* Directions for this task
Lines to return, exactly: from the line with "using arg_cong[OF row_sums, of" to the line with "fix i j assume" in the entries below, both included.

Stored items
•••••
lemma split_block_unit_row_sums:
  fixes M :: "'a :: field mat"
  assumes M: "M \<in> carrier_mat (Suc m) (Suc m)"
    and row_sums: "M *\<^sub>v vec (Suc m) (\<lambda>_. 1) = vec (Suc m) (\<lambda>_. 1)"
    and split: "split_block M m m = (A, B, C, D)"
    and Ainv: "Ainv \<in> carrier_mat m m" "(1\<^sub>m m - A) * Ainv = 1\<^sub>m m"
  shows "D $$ (0, 0) + (C * Ainv * B) $$ (0, 0) = 1"
proof -
  have blocks: "A = mat m m (\<lambda>ij. M $$ ij)" "B = mat m 1 (\<lambda>(i, j). M $$ (i, j + m))"
      "C = mat 1 m (\<lambda>(i, j). M $$ (i + m, j))" "D = mat 1 1 (\<lambda>(i, j). M $$ (i + m, j + m))"
    using split M by (auto simp: split_block_def Let_def)
  have row_sum: "(\<Sum>k<m. M $$ (r, k)) + M $$ (r, m) = 1" if "r < Suc m" for r
    using arg_cong[OF row_sums, of "\<lambda>v. v $ r"] that M
    by (simp add: scalar_prod_def atLeast0LessThan)
  define E :: "'a mat" where "E = mat m 1 (\<lambda>_. 1)"
  have IA: "1\<^sub>m m - A \<in> carrier_mat m m" and C: "C \<in> carrier_mat 1 m" and E: "E \<in> carrier_mat m 1"
    by (auto simp: blocks E_def)
  have B: "B = (1\<^sub>m m - A) * E"
  proof (rule eq_matI)
    fix i j assume "i < dim_row ((1\<^sub>m m - A) * E)" "j < dim_col ((1\<^sub>m m - A) * E)"
    then have ij: "i < m" "j = 0" by (auto simp: E_def blocks)
    have "((1\<^sub>m m - A) * E) $$ (i, j) = (\<Sum>k<m. (if i = k then 1 else 0) - M $$ (i, k))"
      using ij by (auto simp: E_def blocks scalar_prod_def atLeast0LessThan intro!: sum.cong)
    also have "\<dots> = M $$ (i, m)"
      using ij row_sum[of i] by (simp add: sum_subtractf algebra_simps)
    finally show "B $$ (i, j) = ((1\<^sub>m m - A) * E) $$ (i, j)"
      using ij by (simp add: blocks)
  qed (auto simp: blocks E_def)
  have "C * Ainv * B = C * (Ainv * ((1\<^sub>m m - A) * E))"
    by (simp add: B assoc_mult_mat[OF C Ainv(1) mult_carrier_mat[OF IA E]])
  also have "\<dots> = C * (Ainv * (1\<^sub>m m - A) * E)"
    by (simp add: assoc_mult_mat[OF Ainv(1) IA E])
  also have "\<dots> = C * E"
    using mat_mult_left_right_inverse[OF IA Ainv] E by simp
  finally show ?thesis
    using row_sum[of m] by (simp add: blocks E_def scalar_prod_def atLeast0LessThan add.commute)
qed

interpretation to_fract_hom: comm_ring_hom "to_fract :: 'a::idom \<Rightarrow> 'a fract"
  by unfold_locales auto

interpretation poly_eval_hom: comm_ring_hom "\<lambda>p. poly p a" for a
  by unfold_locales auto

lemma to_fract_X: "to_fract [:0, 1:] = tvar"
  by (simp add: tvar_def to_fract_def)

lemma tvar_nonzero: "tvar \<noteq> 0"
  by (simp flip: to_fract_X)

definition scaled_burau_gen :: "nat \<Rightarrow> nat \<times> bool \<Rightarrow> rat poly mat" where
  "scaled_burau_gen n g = (let i = fst g in
     mat n n (\<lambda>(r, c).
       if snd g then
         (if r = i \<and> c = i then [:0, 1, -1:]
          else if r = i \<and> c = Suc i then [:0, 0, 1:]
          else if r = Suc i \<and> c = i then [:0, 1:]
          else if r = Suc i \<and> c = Suc i then 0
          else if r = c then [:0, 1:] else 0)
       else
         (if r = i \<and> c = i then 0
          else if r = i \<and> c = Suc i then [:0, 1:]
          else if r = Suc i \<and> c = i then 1
          else if r = Suc i \<and> c = Suc i then [:-1, 1:]
          else if r = c then [:0, 1:] else 0)))"

lemma to_fract_quadratic_polys:
  "to_fract [:0, 0, 1:] = tvar ^ 2" "to_fract [:0, 1, -1:] = tvar - tvar ^ 2"
  "to_fract [:-1, 1:] = tvar - 1"
proof -
  have "[:0, 0, 1:] = [:0, 1::rat:] ^ 2" "[:0, 1, -1:] = [:0, 1::rat:] - [:0, 1:] ^ 2"
    "[:-1, 1:] = [:0, 1::rat:] - 1"
    by (simp_all add: power2_eq_square one_pCons)
  then show "to_fract [:0, 0, 1:] = tvar ^ 2" "to_fract [:0, 1, -1:] = tvar - tvar ^ 2"
    "to_fract [:-1, 1:] = tvar - 1"
    by (simp_all add: to_fract_X to_fract_hom.hom_power)
qed

lemma burau_gen_eq_scaled:
  "burau_gen n g = inverse tvar \<cdot>\<^sub>m map_mat to_fract (scaled_burau_gen n g)"
  by (rule eq_matI)
     (auto simp: burau_gen_def scaled_burau_gen_def Let_def to_fract_X to_fract_quadratic_polys
        tvar_nonzero field_simps power2_eq_square)

definition scaled_burau :: "nat \<Rightarrow> braid_word \<Rightarrow> rat poly mat" where
  "scaled_burau n w = foldr (\<lambda>g M. scaled_burau_gen n g * M) w (1\<^sub>m n)"

lemma scaled_burau_gen_carrier: "scaled_burau_gen n g \<in> carrier_mat n n"
  by (simp add: scaled_burau_gen_def Let_def)

lemma scaled_burau_Cons: "scaled_burau n (g # w) = scaled_burau_gen n g * scaled_burau n w"
  by (simp add: scaled_burau_def)

lemma scaled_burau_carrier: "scaled_burau n w \<in> carrier_mat n n"
  by (induction w)
     (auto simp: scaled_burau_def intro: mult_carrier_mat[OF scaled_burau_gen_carrier])

lemma burau_eq_scaled:
  "burau n w = inverse tvar ^ length w \<cdot>\<^sub>m map_mat to_fract (scaled_burau n w)"
proof (induction w)
  case Nil
  show ?case by (rule eq_matI) (auto simp: burau_def scaled_burau_def)
next
  case (Cons g w)
  have G: "map_mat to_fract (scaled_burau_gen n g) \<in> carrier_mat n n"
    and W: "map_mat to_fract (scaled_burau n w) \<in> carrier_mat n n"
    by (simp_all add: scaled_burau_gen_carrier scaled_burau_carrier)
  have "burau n (g # w) = burau_gen n g * burau n w"
    by (simp add: burau_def)
  also have "\<dots> = inverse tvar ^ length (g # w) \<cdot>\<^sub>m
      (map_mat to_fract (scaled_burau_gen n g) * map_mat to_fract (scaled_burau n w))"
    by (simp add: Cons.IH burau_gen_eq_scaled mult_smult_smult_mat[OF G W])
  also have "\<dots> = inverse tvar ^ length (g # w) \<cdot>\<^sub>m map_mat to_fract (scaled_burau n (g # w))"
    by (simp add: scaled_burau_Cons to_fract_hom.mat_hom_mult[OF scaled_burau_gen_carrier
          scaled_burau_carrier])
  finally show ?case .
qed

lemma braid_perm_Cons: "braid_perm (g # w) = transpose (fst g) (Suc (fst g)) \<circ> braid_perm w"
  by (simp add: braid_perm_def)

lemma braid_perm_permutes: "valid_word n w \<Longrightarrow> braid_perm w permutes {..<n}"
  by (induction w)
     (auto simp: braid_perm_def valid_word_def intro!: permutes_compose permutes_swap_id)

lemma scaled_burau_gen_at_1:
  "Suc (fst g) < n \<Longrightarrow>
    map_mat (\<lambda>q. poly q 1) (scaled_burau_gen n g) = perm_mat n (transpose (fst g) (Suc (fst g)))"
  by (rule eq_matI) (auto simp: scaled_burau_gen_def perm_mat_def Let_def transpose_def)

lemma scaled_burau_at_1:
  "valid_word n w \<Longrightarrow> map_mat (\<lambda>q. poly q 1) (scaled_burau n w) = perm_mat n (braid_perm w)"
proof (induction w)
  case Nil
  show ?case by (rule eq_matI) (auto simp: scaled_burau_def braid_perm_def perm_mat_def)
next
  case (Cons g w)
  then have "Suc (fst g) < n" "valid_word n w" by (simp_all add: valid_word_def)
  then show ?case
    using Cons.IH braid_perm_permutes[of n w]
    by (simp add: scaled_burau_Cons poly_eval_hom.mat_hom_mult[OF scaled_burau_gen_carrier
          scaled_burau_carrier] scaled_burau_gen_at_1 perm_mat_mult braid_perm_Cons comp_def)
qed

lemma closure_is_knot_cyclic_on:
  assumes "valid_word n w" "closure_is_knot n w" "0 < n"
  shows "cyclic_on (braid_perm w) {..<n}"
proof -
  have perm: "braid_perm w permutes {..<n}"
    using assms(1) by (rule braid_perm_permutes)
  have "orbit (braid_perm w) 0 = {(braid_perm w ^^ k) 0 | k. True}"
    by (rule orbit_altdef_permutation[OF permutes_imp_permutation[OF _ perm]]) simp
  also have "\<dots> = {..<n}"
    using assms(2,3) permutes_in_funpow_image[OF perm, of 0] by (auto simp: closure_is_knot_def)
  finally show ?thesis
    using assms(3) unfolding cyclic_on_def by blast
qed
•••••
* Answer to the problem
    using arg_cong[OF row_sums, of "\<lambda>v. v $ r"] that M
    by (simp add: scalar_prod_def atLeast0LessThan)
  define E :: "'a mat" where "E = mat m 1 (\<lambda>_. 1)"
  have IA: "1\<^sub>m m - A \<in> carrier_mat m m" and C: "C \<in> carrier_mat 1 m" and E: "E \<in> carrier_mat m 1"
    by (auto simp: blocks E_def)
  have B: "B = (1\<^sub>m m - A) * E"
  proof (rule eq_matI)
    fix i j assume "i < dim_row ((1\<^sub>m m - A) * E)" "j < dim_col ((1\<^sub>m m - A) * E)"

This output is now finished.